◆ **HOW TO COMPLETE THIS TASK**:
Please tally how many lines of the material below include the word "ibinom", giving only the number.

- - - - - - -

(* For all integers $m\ge0$ and $k\ge0$, \[ \sum_{i=0}^{2k}(-1)^i\binom{m+k+i}{m+k-i}\binom{m+3k-i}{m-k+i}=(-1)^k\sum_{i=0}^{m}\binom{2k}{m-i}\binom{4k+i}{i}. \]
   Context: Binomial coefficients $\binom{a}{b}$ with integer $a\ge0$ are taken to be $0$ when $b<0$ or $b>a$. *)

theory Defs
  imports Main
begin

definition ibinom :: "int \<Rightarrow> int \<Rightarrow> int" where
  "ibinom a b = (if 0 \<le> b \<and> b \<le> a then int (nat a choose nat b) else 0)"

end

(* Put a = m + k. The left-hand side is the coefficient of x^(2k) in b_a(-x) b_a(x), where
   b_a(x) = sum_i C(a+i, 2i) x^i are the Morgan-Voyce polynomials, and the right-hand side is the
   coefficient of x^a in (-x)^k (1+x)^(2k) / (1-x)^(4k+1). For fixed a, collect both sides over k into
   power series S_a(y) and T_a(y).

   Since b_(a+2) = (2+x) b_(a+1) - b_a, the product b_a(-x) b_a(x) satisfies the fourth-order recurrence
   whose characteristic roots are the pairwise products of the roots of the two factors, and taking even
   parts gives S_(a+4) = (4-y) S_(a+3) - (6+2y) S_(a+2) + (4-y) S_(a+1) - S_a. The columns
   C_k = (-x)^k (1+x)^(2k) / (1-x)^(4k+1) satisfy (1-x)^4 C_(k+1) = -x (1+x)^2 C_k, which, read off at
   x^(a+4), is the same recurrence for T_a. Both series agree for a < 4, hence for all a. *)

theory Submission
  imports Defs "HOL-Computational_Algebra.Formal_Power_Series"
begin

unbundle fps_syntax

lemma product_of_second_order_recurrences:
  fixes u v :: "nat \<Rightarrow> 'a::comm_ring_1"
  assumes u: "\<And>n. u (n + 2) = p * u (n + 1) - u n"
    and v: "\<And>n. v (n + 2) = q * v (n + 1) - v n"
  shows "u (n + 4) * v (n + 4) = p * q * (u (n + 3) * v (n + 3))
           - (p\<^sup>2 + q\<^sup>2 - 2) * (u (n + 2) * v (n + 2)) + p * q * (u (n + 1) * v (n + 1)) - u n * v n"
proof -
  have u4: "u (n + 4) = p * u (n + 3) - u (n + 2)" using u[of "n + 2"] by (simp add: eval_nat_numeral)
  have u3: "u (n + 3) = p * u (n + 2) - u (n + 1)" using u[of "n + 1"] by (simp add: eval_nat_numeral)
  have v4: "v (n + 4) = q * v (n + 3) - v (n + 2)" using v[of "n + 2"] by (simp add: eval_nat_numeral)
  have v3: "v (n + 3) = q * v (n + 2) - v (n + 1)" using v[of "n + 1"] by (simp add: eval_nat_numeral)
  show ?thesis unfolding u4 u3 v4 v3 u v by (simp add: algebra_simps power2_eq_square)
qed

lemma fourth_order_recurrence_unique:
  assumes u: "\<And>n. u (n + 4) = F (u (n + 3)) (u (n + 2)) (u (n + 1)) (u n)"
    and v: "\<And>n. v (n + 4) = F (v (n + 3)) (v (n + 2)) (v (n + 1)) (v n)"
    and init: "\<And>n. n < 4 \<Longrightarrow> u n = v n"
  shows "u (n::nat) = v n"
proof (induction n rule: less_induct)
  case (less n)
  show ?case
  proof (cases "n < 4")
    case False
    then obtain j where "n = j + 4" by (metis add.commute le_Suc_ex not_less)
    then show ?thesis using less u[of j] v[of j] by simp
  qed (rule init)
qed

definition fps_even_part :: "'a::comm_ring_1 fps \<Rightarrow> 'a fps" where
  "fps_even_part f = Abs_fps (\<lambda>k. f $ (2 * k))"

lemma fps_even_part_add: "fps_even_part (f + g) = fps_even_part f + fps_even_part g"
  by (simp add: fps_even_part_def fps_eq_iff)

lemma fps_even_part_diff: "fps_even_part (f - g) = fps_even_part f - fps_even_part g"
  by (simp add: fps_even_part_def fps_eq_iff)

lemma fps_even_part_mult_X2_poly:
  "fps_even_part ((fps_const c + fps_const d * fps_X\<^sup>2) * f)
     = (fps_const c + fps_const d * fps_X) * fps_even_part f"
  by (simp add: fps_even_part_def fps_eq_iff distrib_right mult.assoc fps_X_power_mult_nth diff_mult_distrib2)

(* The expansion of 1 / (1 - X) ^ (n + 1). *)
definition fps_neg_binomial :: "nat \<Rightarrow> 'a::comm_ring_1 fps" where
  "fps_neg_binomial n = Abs_fps (\<lambda>i. of_nat ((n + i) choose i))"

lemma one_minus_X_mult_fps_neg_binomial: "(1 - fps_X) * fps_neg_binomial (Suc n) = fps_neg_binomial n"
proof (rule fps_ext)
  fix i
  show "((1 - fps_X) * fps_neg_binomial (Suc n)) $ i = fps_neg_binomial n $ i"
    by (cases i) (simp_all add: fps_neg_binomial_def left_diff_distrib)
qed

lemma one_minus_X_power_mult_fps_neg_binomial:
  "(1 - fps_X) ^ j * fps_neg_binomial (n + j) = (fps_neg_binomial n :: 'a::comm_ring_1 fps)"
proof (induction j)
  case (Suc j)
  have "(1 - fps_X) ^ Suc j * fps_neg_binomial (n + Suc j)
      = (1 - fps_X) ^ j * ((1 - fps_X) * fps_neg_binomial (Suc (n + j)) :: 'a fps)"
    by (simp add: mult_ac)
  also have "\<dots> = fps_neg_binomial n"
    by (simp only: one_minus_X_mult_fps_neg_binomial Suc.IH)
  finally show ?case .
qed simp

lemma one_plus_X_power_nth: "((1 + fps_X) ^ n) $ i = (of_nat (n choose i) :: 'a::comm_ring_1)"
proof (induction n arbitrary: i)
  case 0
  then show ?case by (cases i) simp_all
next
  case (Suc n)
  then show ?case by (cases i) (simp_all add: distrib_right)
qed

lemma one_minus_X_mult_nth_Suc: "((1 - fps_X) * f) $ Suc n = f $ Suc n - (f $ n :: 'a::comm_ring_1)"
  by (simp add: left_diff_distrib)

lemma one_plus_X_mult_nth_Suc: "((1 + fps_X) * f) $ Suc n = f $ Suc n + (f $ n :: 'a::comm_ring_1)"
  by (simp add: distrib_right)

- - - - - - -

◆ **ANSWER TO THE PROBLEM**:
2